(Saved entries)
(* Consider the following single-relay network model. Let $q$ be a prime power, $K\ge1$, $N_{\mathrm S}\ge K$, $N_{\mathrm R}\ge1$. A source S draws $N_{\mathrm S}$ coefficient vectors i.i.d. uniformly from $\mathbb{F}_q^K$ and broadcasts one packet per vector; each packet is erased on the link S$\to$D with probability $\epsilon_{\mathrm{SD}}$ and on the link S$\to$R with probability $\epsilon_{\mathrm{SR}}$, all erasures independent and independent of the coefficients. The relay R, having received $m_1$ packets with coefficient matrix $\mathbf{C}_{\mathrm S\to\mathrm R}\in\mathbb{F}_q^{m_1\times K}$, draws $\mathbf{G}\in\mathbb{F}_q^{N_{\mathrm R}\times m_1}$ with i.i.d. uniform entries and transmits the $N_{\mathrm R}$ rows of $\mathbf{G}\mathbf{C}_{\mathrm S\to\mathrm R}$ to D, each independently erased with probability $\epsilon_{\mathrm{RD}}$. D stacks all coefficient vectors received into $\mathbf{C}_{\mathrm D}$; decoding succeeds iff $\operatorname{rank}(\mathbf{C}_{\mathrm D})=K$, and $P^{(1)}_{\mathrm R}$ denotes its probability. Then $$P^{(1)}_{\mathrm R}=\sum_{(m,m_{\mathrm D},m_{\mathrm{RD}})}\alpha(m,m_{\mathrm D},m_{\mathrm{RD}})\sum_{m'}\mathcal{B}(m',N_{\mathrm R},\epsilon_{\mathrm{RD}})\;\mathbb{P}^{(2)}\big(m'+m_{\mathrm D},\,m-m_{\mathrm{RD}}+m_{\mathrm D},\,m_{\mathrm D};K\big),$$ where $$\alpha(m,m_{\mathrm D},m_{\mathrm{RD}})=\binom{N_{\mathrm S}}{m_{\mathrm{RD}}}\binom{N_{\mathrm S}-m_{\mathrm{RD}}}{m-m_{\mathrm{RD}}}\binom{N_{\mathrm S}-m}{m_{\mathrm D}-m_{\mathrm{RD}}}(1-\epsilon_{\mathrm{SR}})^{m}\epsilon_{\mathrm{SR}}^{\,N_{\mathrm S}-m}(1-\epsilon_{\mathrm{SD}})^{m_{\mathrm D}}\epsilon_{\mathrm{SD}}^{\,N_{\mathrm S}-m_{\mathrm D}},$$ $\mathcal{B}(k,N,\epsilon)=\binom{N}{k}(1-\epsilon)^k\epsilon^{N-k}$, the sums range over integers with $m+m_{\mathrm D}\ge K$, $m,m_{\mathrm D}\le N_{\mathrm S}$, $\max(0,m+m_{\mathrm D}-N_{\mathrm S})\le m_{\mathrm{RD}}\le\min(m,m_{\mathrm D})$, and $\max(0,K-m_{\mathrm D})\le m'\le N_{\mathrm R}$; and $\mathbb{P}^{(2)}(m_1,m_2,m_{12};K)=\sum_{i=\max(0,K-m_1+m_{12},K-m_2+m_{12})}^{\min(m_{12},K)}\mathbb{P}_i(m_{12},K)\,\mathbb{P}(m_1-m_{12},K-i)\,\mathbb{P}(m_2-m_{12},K-i)$ with $\mathbb{P}(a,b)=\prod_{i=0}^{b-1}(1-q^{i-a})$ and $\mathbb{P}_r(a,b)=q^{-a(b-r)}\prod_{i=0}^{r-1}\frac{q^{b-i}-1}{q^{r-i}-1}\prod_{i=0}^{r-1}(1-q^{i-a})$.
   Context: $\mathbb{P}(a,b)$ (resp. $\mathbb{P}_r(a,b)$) is the probability that an $a\times b$ matrix with i.i.d. uniform entries from $\mathbb{F}_q$ has rank $b$ (resp. $r$). In the sum, $m$ is the number of source packets received by R, $m_{\mathrm D}$ the number received by D from S, $m_{\mathrm{RD}}$ the number received by both, and $m'$ the number of recoded packets D receives from R. *)

theory Defs
  imports "HOL-Probability.Product_PMF" "Jordan_Normal_Form.DL_Rank"
begin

→ Brief:
Could you write out all of the data again, exactly as given?

→ Expected answer:
(* Consider the following single-relay network model. Let $q$ be a prime power, $K\ge1$, $N_{\mathrm S}\ge K$, $N_{\mathrm R}\ge1$. A source S draws $N_{\mathrm S}$ coefficient vectors i.i.d. uniformly from $\mathbb{F}_q^K$ and broadcasts one packet per vector; each packet is erased on the link S$\to$D with probability $\epsilon_{\mathrm{SD}}$ and on the link S$\to$R with probability $\epsilon_{\mathrm{SR}}$, all erasures independent and independent of the coefficients. The relay R, having received $m_1$ packets with coefficient matrix $\mathbf{C}_{\mathrm S\to\mathrm R}\in\mathbb{F}_q^{m_1\times K}$, draws $\mathbf{G}\in\mathbb{F}_q^{N_{\mathrm R}\times m_1}$ with i.i.d. uniform entries and transmits the $N_{\mathrm R}$ rows of $\mathbf{G}\mathbf{C}_{\mathrm S\to\mathrm R}$ to D, each independently erased with probability $\epsilon_{\mathrm{RD}}$. D stacks all coefficient vectors received into $\mathbf{C}_{\mathrm D}$; decoding succeeds iff $\operatorname{rank}(\mathbf{C}_{\mathrm D})=K$, and $P^{(1)}_{\mathrm R}$ denotes its probability. Then $$P^{(1)}_{\mathrm R}=\sum_{(m,m_{\mathrm D},m_{\mathrm{RD}})}\alpha(m,m_{\mathrm D},m_{\mathrm{RD}})\sum_{m'}\mathcal{B}(m',N_{\mathrm R},\epsilon_{\mathrm{RD}})\;\mathbb{P}^{(2)}\big(m'+m_{\mathrm D},\,m-m_{\mathrm{RD}}+m_{\mathrm D},\,m_{\mathrm D};K\big),$$ where $$\alpha(m,m_{\mathrm D},m_{\mathrm{RD}})=\binom{N_{\mathrm S}}{m_{\mathrm{RD}}}\binom{N_{\mathrm S}-m_{\mathrm{RD}}}{m-m_{\mathrm{RD}}}\binom{N_{\mathrm S}-m}{m_{\mathrm D}-m_{\mathrm{RD}}}(1-\epsilon_{\mathrm{SR}})^{m}\epsilon_{\mathrm{SR}}^{\,N_{\mathrm S}-m}(1-\epsilon_{\mathrm{SD}})^{m_{\mathrm D}}\epsilon_{\mathrm{SD}}^{\,N_{\mathrm S}-m_{\mathrm D}},$$ $\mathcal{B}(k,N,\epsilon)=\binom{N}{k}(1-\epsilon)^k\epsilon^{N-k}$, the sums range over integers with $m+m_{\mathrm D}\ge K$, $m,m_{\mathrm D}\le N_{\mathrm S}$, $\max(0,m+m_{\mathrm D}-N_{\mathrm S})\le m_{\mathrm{RD}}\le\min(m,m_{\mathrm D})$, and $\max(0,K-m_{\mathrm D})\le m'\le N_{\mathrm R}$; and $\mathbb{P}^{(2)}(m_1,m_2,m_{12};K)=\sum_{i=\max(0,K-m_1+m_{12},K-m_2+m_{12})}^{\min(m_{12},K)}\mathbb{P}_i(m_{12},K)\,\mathbb{P}(m_1-m_{12},K-i)\,\mathbb{P}(m_2-m_{12},K-i)$ with $\mathbb{P}(a,b)=\prod_{i=0}^{b-1}(1-q^{i-a})$ and $\mathbb{P}_r(a,b)=q^{-a(b-r)}\prod_{i=0}^{r-1}\frac{q^{b-i}-1}{q^{r-i}-1}\prod_{i=0}^{r-1}(1-q^{i-a})$.
   Context: $\mathbb{P}(a,b)$ (resp. $\mathbb{P}_r(a,b)$) is the probability that an $a\times b$ matrix with i.i.d. uniform entries from $\mathbb{F}_q$ has rank $b$ (resp. $r$). In the sum, $m$ is the number of source packets received by R, $m_{\mathrm D}$ the number received by D from S, $m_{\mathrm{RD}}$ the number received by both, and $m'$ the number of recoded packets D receives from R. *)

theory Defs
  imports "HOL-Probability.Product_PMF" "Jordan_Normal_Form.DL_Rank"
begin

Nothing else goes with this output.